Key Takeaways for 2025 Tax Planning
- Focus on Apportionment Changes: Several states, including Massachusetts and Maryland, are shifting to single sales factor apportionment to streamline tax calculations for multistate corporations. This shift simplifies how businesses calculate their in-state tax liabilities and may impact where they choose to expand operations.
- Reduced Rates in Competitive States: States like Tennessee and Texas are reducing corporate tax rates to attract business investment, signaling a trend towards more business-friendly environments.

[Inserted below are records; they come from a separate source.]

(* Let $n_A,n_B\ge1$, $\Delta\ge 0$, and let $H\in\mathbb{C}^{(n_An_B)\times(n_An_B)}$ be a Hermitian matrix (the announced payoff Hamiltonian, on $\mathbb{C}^{n_A}\otimes\mathbb{C}^{n_B}$). Let $$\Phi(H)=\operatorname*{arg\,max}_{\rho_B\in\mathcal{P}_B}\ \min_{\rho_A\in\mathcal{P}_A}\operatorname{tr}\big((\rho_A\otimes\rho_B)H\big)$$ be the set of security strategies of the maximizing player $B$ (the "naive victim") in the zero-sum game with payoff $\operatorname{tr}((\rho_A\otimes\rho_B)H)$, and let $$\Phi_r(H)=\operatorname*{arg\,max}_{\rho_B\in\mathcal{P}_B}\ \min_{\rho_A\in\mathcal{P}_A,\ D\in\mathcal{D}}\operatorname{tr}\big((\rho_A\otimes\rho_B)(H-D)\big)$$ be the set of strategies of a "robust victim" who optimizes the worst-case outcome over all true Hamiltonians $H-D$ consistent with the announced $H$ and the deception budget. Then $\Phi(H)=\Phi_r(H)$.
   Context: $\mathcal{P}_A$ (resp. $\mathcal{P}_B$) is the set of $n_A\times n_A$ (resp. $n_B\times n_B$) complex density matrices, i.e. positive semidefinite matrices of trace one. The deception set is $\mathcal{D}=\{D\in\mathbb{C}^{(n_An_B)\times(n_An_B)}: D=D^\dagger,\ \|D\|_1\le\Delta\}$, where $\|A\|_1=\sup_{\|x\|_1=1}\|Ax\|_1$ is the matrix norm induced by the vector $1$-norm. Player $A$ (the deceiver) is the minimizer and player $B$ (the victim) the maximizer. *)

theory Defs
  imports Complex_Main "Jordan_Normal_Form.Matrix"
begin

definition hermitian_mat :: "complex mat \<Rightarrow> bool" where
  "hermitian_mat A \<longleftrightarrow> dim_row A = dim_col A \<and>
     (\<forall>i < dim_row A. \<forall>j < dim_row A. A $$ (i, j) = cnj (A $$ (j, i)))"

definition psd_mat :: "complex mat \<Rightarrow> bool" where
  "psd_mat A \<longleftrightarrow> dim_row A = dim_col A \<and>
     (\<forall>x \<in> carrier_vec (dim_row A).
        let q = (\<Sum>i<dim_row A. cnj (x $ i) * (A *\<^sub>v x) $ i) in Im q = 0 \<and> Re q \<ge> 0)"

definition mtrace :: "complex mat \<Rightarrow> complex" where
  "mtrace A = (\<Sum>i<dim_row A. A $$ (i, i))"

definition density_mats :: "nat \<Rightarrow> complex mat set" where
  "density_mats n = {\<rho>. \<rho> \<in> carrier_mat n n \<and> psd_mat \<rho> \<and> mtrace \<rho> = 1}"

text \<open>Kronecker product, with the standard index convention (i_A n_B + i_B).\<close>
definition kron :: "complex mat \<Rightarrow> complex mat \<Rightarrow> complex mat" where
  "kron A B = mat (dim_row A * dim_row B) (dim_col A * dim_col B)
     (\<lambda>(i, j). A $$ (i div dim_row B, j div dim_col B) * B $$ (i mod dim_row B, j mod dim_col B))"

definition vec_norm1 :: "complex vec \<Rightarrow> real" where
  "vec_norm1 x = (\<Sum>i<dim_vec x. cmod (x $ i))"

definition induced_norm1 :: "complex mat \<Rightarrow> real" where
  "induced_norm1 D = Sup {vec_norm1 (D *\<^sub>v x) | x. x \<in> carrier_vec (dim_col D) \<and> vec_norm1 x = 1}"

definition deception_set :: "nat \<Rightarrow> real \<Rightarrow> complex mat set" where
  "deception_set n \<Delta> = {D. D \<in> carrier_mat n n \<and> hermitian_mat D \<and> induced_norm1 D \<le> \<Delta>}"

- Special Surtaxes and Expirations: States like New Jersey and Florida are adjusting temporary tax rates, significantly impacting large corporations. Companies need to be aware of when these surtaxes expire or get extended to plan accordingly.
- Compliance Adjustments: New rules, especially around transfer pricing and digital advertising taxes, will require close attention in states like Maryland and Connecticut. Businesses should engage with tax professionals to ensure they remain compliant and take advantage of available incentives.
For additional guidance, consult state-specific tax bulletins or professional advisors to ensure compliance and optimize tax planning for 2025.